This time of year we gather around the Thanksgiving table with family. Fall colors, generous portions of pie, football games, and a golden brown turkey are all on the menu. The warmth of hearth and home fill our hearts during this special family holiday. If only the actual members of our families were as pleasant and cozy as this idyllic image. Brothers we exchanged harsh words with, uncles without manners, controlling mothers and alienated daughters sit around this family table. We love family, it’s people we have a hard time with. Why is this so painfully true? Because people are not idyllic, they’re real.
What makes relationships worth having is the fact that we can’t control them. We are thrilled when someone freely chooses to love us because we know they didn’t have to. But if they are free to choose us they are also free to reject us. Human will is so mysterious, so independent, and so free that it has the power to baffle and frighten. So, is the goal of a loving family culture possible? Yes it is, if we strive to become the kind of person who is capable of communion.

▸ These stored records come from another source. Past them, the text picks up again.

(* Let $X$ and $Y$ be metric spaces and assume that $Y$ is metrically convex. Let $K\ge 0$ and let $f:X\to Y$ be a map that is co-coarsely continuous with constant $K$. Then for every $d>K$ there exists $c=c(d,K)>0$ such that for all $x\in X$ and all $r\ge d$, $$f(B_X(x,cr))^K\supseteq B_Y(f(x),r).$$
   Context: For a metric space $Z$, $B_Z(z,r)$ denotes the closed ball centered at $z$ of radius $r$. For a subset $A\subseteq Y$ and $K\ge0$, $A^K:=\{y\in Y: d_Y(y,a)\le K \text{ for some } a\in A\}$ is the closed $K$-neighborhood of $A$. A metric space $Y$ is metrically convex if for all $y_0,y_1\in Y$ and $0<\lambda<1$ there is $y_\lambda\in Y$ with $d(y_0,y_\lambda)=\lambda d(y_0,y_1)$ and $d(y_1,y_\lambda)=(1-\lambda)d(y_0,y_1)$. A map $f:X\to Y$ is co-coarsely continuous with constant $K\ge0$ if for every $d>K$ there exists $\delta=\delta(d)>0$ such that for all $x\in X$, $f(B_X(x,\delta))^K\supseteq B_Y(f(x),d)$. *)

theory Defs
  imports "HOL-Analysis.Analysis"
begin

definition nbhd :: "'b::metric_space set \<Rightarrow> real \<Rightarrow> 'b set" where
  "nbhd A K = {y. \<exists>a\<in>A. dist y a \<le> K}"

definition metrically_convex :: "'b::metric_space itself \<Rightarrow> bool" where
  "metrically_convex (TYPE('b)) \<longleftrightarrow>
     (\<forall>(y0::'b) y1 (t::real). 0 < t \<and> t < 1 \<longrightarrow>
        (\<exists>y. dist y0 y = t * dist y0 y1 \<and> dist y1 y = (1 - t) * dist y0 y1))"

definition co_coarsely_continuous :: "('a::metric_space \<Rightarrow> 'b::metric_space) \<Rightarrow> real \<Rightarrow> bool" where
  "co_coarsely_continuous f K \<longleftrightarrow> K \<ge> 0 \<and>
     (\<forall>d>K. \<exists>\<delta>>0. \<forall>x. cball (f x) d \<subseteq> nbhd (f ` cball x \<delta>) K)"

end

theory Submission
  imports Defs
begin

text \<open>A point at distance d - K beyond the region already covered is reached by walking
  distance d from f x towards it along a metric segment: the co-coarse hypothesis yields
  some x1 within \<delta> of x whose image lies within K of the intermediate point, hence
  f x1 is within the old radius of the target. Iterating, a ball of radius
  d + n (d - K) is covered from a domain ball of radius (n + 1) \<delta>, and choosing
  n \<approx> r / (d - K) makes the domain radius linear in r.\<close>

lemma metrically_convex_point_between:
  fixes y0 y1 :: "'b::metric_space"
  assumes "metrically_convex TYPE('b)" and "0 \<le> s" and "s \<le> dist y0 y1"
  shows "\<exists>y. dist y0 y = s \<and> dist y1 y = dist y0 y1 - s"
proof (cases "s = 0 \<or> s = dist y0 y1")
  case True
  then show ?thesis
    by (metis diff_self diff_zero dist_commute dist_self)
next
  case False
  with assms(2,3) have D: "0 < dist y0 y1" and "0 < s / dist y0 y1" "s / dist y0 y1 < 1"
    by (auto simp: divide_less_eq zero_less_divide_iff)
  then obtain y where "dist y0 y = s / dist y0 y1 * dist y0 y1"
    and "dist y1 y = (1 - s / dist y0 y1) * dist y0 y1"
    using assms(1) unfolding metrically_convex_def by blast
  with D show ?thesis
    by (auto simp: algebra_simps)
qed

lemma nbhd_image_mono:
  assumes "A \<subseteq> B"
  shows "nbhd (f ` A) K \<subseteq> nbhd (f ` B) K"
  using assms unfolding nbhd_def by blast

lemma co_coarse_cover_step:
  fixes f :: "'a::metric_space \<Rightarrow> 'b::metric_space" and d \<rho> \<delta> r K :: real
  assumes conv: "metrically_convex TYPE('b)" and "0 \<le> d" and "0 \<le> \<rho>"
    and step: "\<And>x. cball (f x) d \<subseteq> nbhd (f ` cball x \<delta>) K"
    and cover: "\<And>x. cball (f x) r \<subseteq> nbhd (f ` cball x \<rho>) K"
  shows "cball (f x) (r + (d - K)) \<subseteq> nbhd (f ` cball x (\<rho> + \<delta>)) K"
proof
  fix y assume y: "y \<in> cball (f x) (r + (d - K))"
  show "y \<in> nbhd (f ` cball x (\<rho> + \<delta>)) K"
  proof (cases "dist (f x) y \<le> d")
    case True
    with step[of x] have "y \<in> nbhd (f ` cball x \<delta>) K" by auto
    moreover have "cball x \<delta> \<subseteq> cball x (\<rho> + \<delta>)" using \<open>0 \<le> \<rho>\<close> by auto
    ultimately show ?thesis using nbhd_image_mono by blast
  next
    case False
    then obtain y1 where y1: "dist (f x) y1 = d" "dist y y1 = dist (f x) y - d"
      using metrically_convex_point_between[OF conv \<open>0 \<le> d\<close>, of "f x" y]
      by (auto simp: dist_commute)
    with step obtain x1 where x1: "dist x x1 \<le> \<delta>" "dist y1 (f x1) \<le> K"
      unfolding nbhd_def by fastforce
    have "dist (f x1) y \<le> dist y y1 + dist y1 (f x1)"
      by (metis dist_commute dist_triangle)
    also have "\<dots> \<le> r" using x1 y1 y by (simp add: dist_commute)
    finally obtain x' where x': "dist x1 x' \<le> \<rho>" "dist y (f x') \<le> K"
      using cover[of x1] unfolding nbhd_def by fastforce
    have "dist x x' \<le> \<rho> + \<delta>"
      using dist_triangle[of x x' x1] x1 x' by linarith
    with x' show ?thesis unfolding nbhd_def by fastforce
  qed
qed

lemma co_coarse_cover_iterate:
  fixes f :: "'a::metric_space \<Rightarrow> 'b::metric_space" and d \<delta> K :: real and n :: nat
  assumes conv: "metrically_convex TYPE('b)" and "0 \<le> d" and "0 \<le> \<delta>"
    and step: "\<And>x. cball (f x) d \<subseteq> nbhd (f ` cball x \<delta>) K"
  shows "cball (f x) (d + n * (d - K)) \<subseteq> nbhd (f ` cball x ((n + 1) * \<delta>)) K"
proof (induction n arbitrary: x)
  case 0
  show ?case using step by simp
next
  case (Suc n)
  have "cball (f x) (d + n * (d - K) + (d - K)) \<subseteq> nbhd (f ` cball x ((n + 1) * \<delta> + \<delta>)) K"
    using co_coarse_cover_step[OF conv \<open>0 \<le> d\<close> _ step Suc.IH] \<open>0 \<le> \<delta>\<close> by simp
  then show ?case by (simp add: algebra_simps)
qed

lemma ceiling_quotient_bound:
  fixes r d e :: real
  assumes "0 < d" and "d \<le> r" and "0 < e"
  shows "real (nat \<lceil>r / e\<rceil>) + 1 \<le> r * (1 / e + 2 / d)"
proof -
  have "real (nat \<lceil>r / e\<rceil>) \<le> r / e + 1"
    using assms by (simp add: divide_nonneg_pos)
  moreover have "2 \<le> 2 * r / d" using assms by (simp add: field_simps)
  ultimately show ?thesis by (simp add: algebra_simps)
qed

theorem lemma2p2:
  fixes f :: "'a::metric_space \<Rightarrow> 'b::metric_space" and K :: real
  assumes "metrically_convex TYPE('b)"
    and "K \<ge> 0"
    and "co_coarsely_continuous f K"
  shows "\<forall>d>K. \<exists>c>0. \<forall>x r. r \<ge> d \<longrightarrow> cball (f x) r \<subseteq> nbhd (f ` cball x (c * r)) K"
proof (intro allI impI)
  fix d assume "d > K"
  then obtain \<delta> where "\<delta> > 0" and step: "\<And>x. cball (f x) d \<subseteq> nbhd (f ` cball x \<delta>) K"
    using assms(3) unfolding co_coarsely_continuous_def by blast
  have "d > 0" using assms(2) \<open>d > K\<close> by simp
  define c where "c = \<delta> * (1 / (d - K) + 2 / d)"
  have "c > 0" using \<open>\<delta> > 0\<close> \<open>d > 0\<close> \<open>d > K\<close> unfolding c_def by (simp add: add_pos_pos)
  moreover have "cball (f x) r \<subseteq> nbhd (f ` cball x (c * r)) K" if "r \<ge> d" for x r
  proof -
    define n where "n = nat \<lceil>r / (d - K)\<rceil>"
    have "r / (d - K) \<le> n" unfolding n_def by linarith
    then have "r \<le> d + n * (d - K)"
      using \<open>d > 0\<close> \<open>d > K\<close> by (simp add: field_simps)
    then have "cball (f x) r \<subseteq> nbhd (f ` cball x ((n + 1) * \<delta>)) K"
      using co_coarse_cover_iterate[OF assms(1) _ _ step, of x n] \<open>d > 0\<close> \<open>\<delta> > 0\<close> by force
    moreover have "(n + 1) * \<delta> \<le> c * r"
      using ceiling_quotient_bound[OF \<open>d > 0\<close> that, of "d - K"] \<open>d > K\<close> \<open>\<delta> > 0\<close>
      unfolding c_def n_def by (simp add: mult_right_mono mult.commute mult.left_commute)
    then have "cball x ((n + 1) * \<delta>) \<subseteq> cball x (c * r)" by auto
    ultimately show ?thesis using nbhd_image_mono by blast
  qed
  ultimately show "\<exists>c>0. \<forall>x r. r \<ge> d \<longrightarrow> cball (f x) r \<subseteq> nbhd (f ` cball x (c * r)) K"
    by blast
qed

end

We can start by learning how to have conflict. Since people are real they will be different. That difference is what leads to conflict. It’s natural, it’s normal, and it’s not necessarily bad. When two people dance they have to adjust themselves to each other’s movements. If one partner imposes his will on the other, the dance becomes stiff, ugly, and toes are stepped on. When a couple dances gracefully, however, they may tread on each other’s toes, but they continually learn how to become more fluid in their movements, together striving to solve the missteps. They don’t fight each other.
When people have conflict they tend see themselves on opposite sides of a line of battle. They lob arguments, emotions, and strong words in hopes of winning. But we’re not at war with our family and friends. We’re on their side. Rather, like a dance, we should see ourselves in a circle, looking at the problem together, not like a war, seeing ourselves on either side of a battle line. The win is when both of us change and we learn to gracefully step in unison.
Conflict is normal because we’re different. Our love and friendship compel us to tackle this problem together as partners not enemies. When we do, the warmth and joy it brings is truly something for which to be thankful.